====== EXTRACTED RECORDS ======
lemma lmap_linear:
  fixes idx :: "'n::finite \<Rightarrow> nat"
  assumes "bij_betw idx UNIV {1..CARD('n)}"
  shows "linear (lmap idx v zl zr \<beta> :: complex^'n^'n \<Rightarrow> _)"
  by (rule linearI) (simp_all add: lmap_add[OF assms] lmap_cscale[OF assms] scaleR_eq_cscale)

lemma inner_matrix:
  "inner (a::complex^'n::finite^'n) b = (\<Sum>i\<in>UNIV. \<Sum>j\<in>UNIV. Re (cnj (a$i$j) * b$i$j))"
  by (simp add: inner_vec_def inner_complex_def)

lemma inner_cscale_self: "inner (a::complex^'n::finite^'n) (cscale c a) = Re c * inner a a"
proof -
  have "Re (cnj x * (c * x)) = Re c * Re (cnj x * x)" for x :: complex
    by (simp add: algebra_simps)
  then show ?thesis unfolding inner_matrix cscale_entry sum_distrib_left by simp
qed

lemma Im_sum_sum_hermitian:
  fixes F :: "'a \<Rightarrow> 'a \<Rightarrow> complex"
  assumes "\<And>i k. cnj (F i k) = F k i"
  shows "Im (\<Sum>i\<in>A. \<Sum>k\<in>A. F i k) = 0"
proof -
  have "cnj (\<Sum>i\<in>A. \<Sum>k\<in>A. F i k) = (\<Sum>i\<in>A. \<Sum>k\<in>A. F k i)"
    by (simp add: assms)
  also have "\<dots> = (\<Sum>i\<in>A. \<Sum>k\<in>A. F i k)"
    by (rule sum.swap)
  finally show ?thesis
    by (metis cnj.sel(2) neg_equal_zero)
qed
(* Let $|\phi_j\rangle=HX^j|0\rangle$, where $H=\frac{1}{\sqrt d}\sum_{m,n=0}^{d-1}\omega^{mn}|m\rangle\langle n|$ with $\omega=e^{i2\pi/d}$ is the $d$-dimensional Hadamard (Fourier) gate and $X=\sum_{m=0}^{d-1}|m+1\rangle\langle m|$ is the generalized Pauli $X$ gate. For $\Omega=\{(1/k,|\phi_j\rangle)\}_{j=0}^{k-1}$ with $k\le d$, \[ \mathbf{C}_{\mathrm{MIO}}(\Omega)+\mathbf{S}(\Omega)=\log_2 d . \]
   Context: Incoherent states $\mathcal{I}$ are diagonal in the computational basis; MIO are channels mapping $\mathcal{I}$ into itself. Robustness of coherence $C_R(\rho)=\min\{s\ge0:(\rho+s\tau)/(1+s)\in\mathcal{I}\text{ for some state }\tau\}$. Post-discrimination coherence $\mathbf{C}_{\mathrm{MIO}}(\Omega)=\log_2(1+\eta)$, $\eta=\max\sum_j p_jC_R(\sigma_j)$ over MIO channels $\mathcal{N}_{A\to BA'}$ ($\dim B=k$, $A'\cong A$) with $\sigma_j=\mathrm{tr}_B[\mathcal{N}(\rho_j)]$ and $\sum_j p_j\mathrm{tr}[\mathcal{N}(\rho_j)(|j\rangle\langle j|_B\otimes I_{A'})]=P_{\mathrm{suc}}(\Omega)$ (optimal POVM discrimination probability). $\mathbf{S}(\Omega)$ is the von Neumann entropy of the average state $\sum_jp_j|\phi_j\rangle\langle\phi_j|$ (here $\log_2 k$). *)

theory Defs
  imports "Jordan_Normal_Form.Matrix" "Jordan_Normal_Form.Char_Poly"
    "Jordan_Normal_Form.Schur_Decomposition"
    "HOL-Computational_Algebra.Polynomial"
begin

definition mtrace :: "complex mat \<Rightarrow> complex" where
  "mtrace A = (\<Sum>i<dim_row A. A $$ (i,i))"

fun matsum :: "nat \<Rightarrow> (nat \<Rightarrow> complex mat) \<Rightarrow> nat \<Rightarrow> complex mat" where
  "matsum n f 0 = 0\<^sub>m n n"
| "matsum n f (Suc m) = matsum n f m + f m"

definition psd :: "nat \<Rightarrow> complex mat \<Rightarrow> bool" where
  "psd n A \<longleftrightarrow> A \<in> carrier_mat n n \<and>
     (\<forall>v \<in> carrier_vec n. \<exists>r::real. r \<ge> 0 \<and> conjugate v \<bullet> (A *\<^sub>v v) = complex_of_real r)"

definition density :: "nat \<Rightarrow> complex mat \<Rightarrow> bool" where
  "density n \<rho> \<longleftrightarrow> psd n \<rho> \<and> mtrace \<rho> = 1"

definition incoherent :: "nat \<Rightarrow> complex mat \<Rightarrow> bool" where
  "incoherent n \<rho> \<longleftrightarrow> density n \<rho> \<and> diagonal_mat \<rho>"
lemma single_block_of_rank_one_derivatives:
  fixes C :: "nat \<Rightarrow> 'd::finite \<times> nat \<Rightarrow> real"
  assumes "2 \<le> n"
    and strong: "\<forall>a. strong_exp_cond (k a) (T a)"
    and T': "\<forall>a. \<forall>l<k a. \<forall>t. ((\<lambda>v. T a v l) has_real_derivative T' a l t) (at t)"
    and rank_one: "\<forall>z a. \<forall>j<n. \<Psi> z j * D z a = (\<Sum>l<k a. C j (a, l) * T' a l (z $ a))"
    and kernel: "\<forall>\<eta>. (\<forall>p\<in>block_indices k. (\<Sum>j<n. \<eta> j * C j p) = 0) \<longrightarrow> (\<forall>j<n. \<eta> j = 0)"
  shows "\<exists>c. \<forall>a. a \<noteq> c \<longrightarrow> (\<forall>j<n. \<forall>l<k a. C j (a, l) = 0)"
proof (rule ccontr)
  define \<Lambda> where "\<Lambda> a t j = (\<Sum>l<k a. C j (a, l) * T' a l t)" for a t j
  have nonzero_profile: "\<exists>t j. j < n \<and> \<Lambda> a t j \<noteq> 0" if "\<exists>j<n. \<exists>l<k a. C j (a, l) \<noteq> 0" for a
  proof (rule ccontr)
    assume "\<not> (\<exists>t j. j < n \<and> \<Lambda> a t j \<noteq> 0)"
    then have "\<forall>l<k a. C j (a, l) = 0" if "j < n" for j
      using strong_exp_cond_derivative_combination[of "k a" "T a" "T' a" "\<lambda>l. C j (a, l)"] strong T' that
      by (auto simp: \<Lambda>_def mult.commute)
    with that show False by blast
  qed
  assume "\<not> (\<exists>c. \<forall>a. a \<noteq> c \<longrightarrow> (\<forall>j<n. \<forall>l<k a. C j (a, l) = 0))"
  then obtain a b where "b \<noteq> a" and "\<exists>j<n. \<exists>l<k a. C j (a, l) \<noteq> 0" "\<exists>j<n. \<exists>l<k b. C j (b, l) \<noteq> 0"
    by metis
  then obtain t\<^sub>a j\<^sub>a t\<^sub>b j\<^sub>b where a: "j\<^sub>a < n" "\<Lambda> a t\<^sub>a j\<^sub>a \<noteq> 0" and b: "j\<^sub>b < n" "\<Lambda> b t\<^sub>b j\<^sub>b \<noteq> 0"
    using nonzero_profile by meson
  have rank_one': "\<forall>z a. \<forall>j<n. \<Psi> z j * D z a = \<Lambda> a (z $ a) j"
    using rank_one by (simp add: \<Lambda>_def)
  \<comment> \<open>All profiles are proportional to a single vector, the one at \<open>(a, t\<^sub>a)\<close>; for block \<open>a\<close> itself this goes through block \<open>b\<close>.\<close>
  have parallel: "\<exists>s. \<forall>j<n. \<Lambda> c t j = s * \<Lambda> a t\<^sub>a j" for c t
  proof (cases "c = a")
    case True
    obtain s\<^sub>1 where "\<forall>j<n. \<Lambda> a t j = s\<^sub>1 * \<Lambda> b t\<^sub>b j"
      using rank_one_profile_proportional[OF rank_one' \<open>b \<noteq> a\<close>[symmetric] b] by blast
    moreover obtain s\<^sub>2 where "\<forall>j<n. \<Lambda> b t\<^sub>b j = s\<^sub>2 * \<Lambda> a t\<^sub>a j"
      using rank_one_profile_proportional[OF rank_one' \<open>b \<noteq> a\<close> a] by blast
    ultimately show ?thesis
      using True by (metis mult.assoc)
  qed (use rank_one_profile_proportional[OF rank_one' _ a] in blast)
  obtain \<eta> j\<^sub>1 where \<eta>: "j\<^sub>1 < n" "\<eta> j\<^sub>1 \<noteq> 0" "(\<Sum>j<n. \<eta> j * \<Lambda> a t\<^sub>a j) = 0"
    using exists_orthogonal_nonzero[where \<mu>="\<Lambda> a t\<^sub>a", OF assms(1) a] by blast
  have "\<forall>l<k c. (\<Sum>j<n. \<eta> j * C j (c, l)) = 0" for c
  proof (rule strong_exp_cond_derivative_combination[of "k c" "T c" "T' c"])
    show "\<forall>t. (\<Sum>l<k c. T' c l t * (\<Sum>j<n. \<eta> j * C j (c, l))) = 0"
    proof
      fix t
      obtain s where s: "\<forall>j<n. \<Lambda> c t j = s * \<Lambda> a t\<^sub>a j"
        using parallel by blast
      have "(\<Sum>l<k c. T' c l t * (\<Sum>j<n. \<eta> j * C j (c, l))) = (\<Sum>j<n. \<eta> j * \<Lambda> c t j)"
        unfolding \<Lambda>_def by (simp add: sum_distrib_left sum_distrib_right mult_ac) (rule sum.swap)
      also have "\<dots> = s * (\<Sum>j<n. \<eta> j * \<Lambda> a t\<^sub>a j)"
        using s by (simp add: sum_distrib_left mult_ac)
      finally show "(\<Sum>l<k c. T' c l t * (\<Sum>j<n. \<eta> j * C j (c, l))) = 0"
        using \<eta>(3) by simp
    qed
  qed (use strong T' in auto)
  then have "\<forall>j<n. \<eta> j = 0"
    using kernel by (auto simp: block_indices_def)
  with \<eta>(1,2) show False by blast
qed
======
DESCRIPTION OF THE TASK
Look over the entries above. Copy every line that contains the word "finite".

TASK RESPONSE
  fixes idx :: "'n::finite \<Rightarrow> nat"
  "inner (a::complex^'n::finite^'n) b = (\<Sum>i\<in>UNIV. \<Sum>j\<in>UNIV. Re (cnj (a$i$j) * b$i$j))"
lemma inner_cscale_self: "inner (a::complex^'n::finite^'n) (cscale c a) = Re c * inner a a"
  fixes C :: "nat \<Rightarrow> 'd::finite \<times> nat \<Rightarrow> real"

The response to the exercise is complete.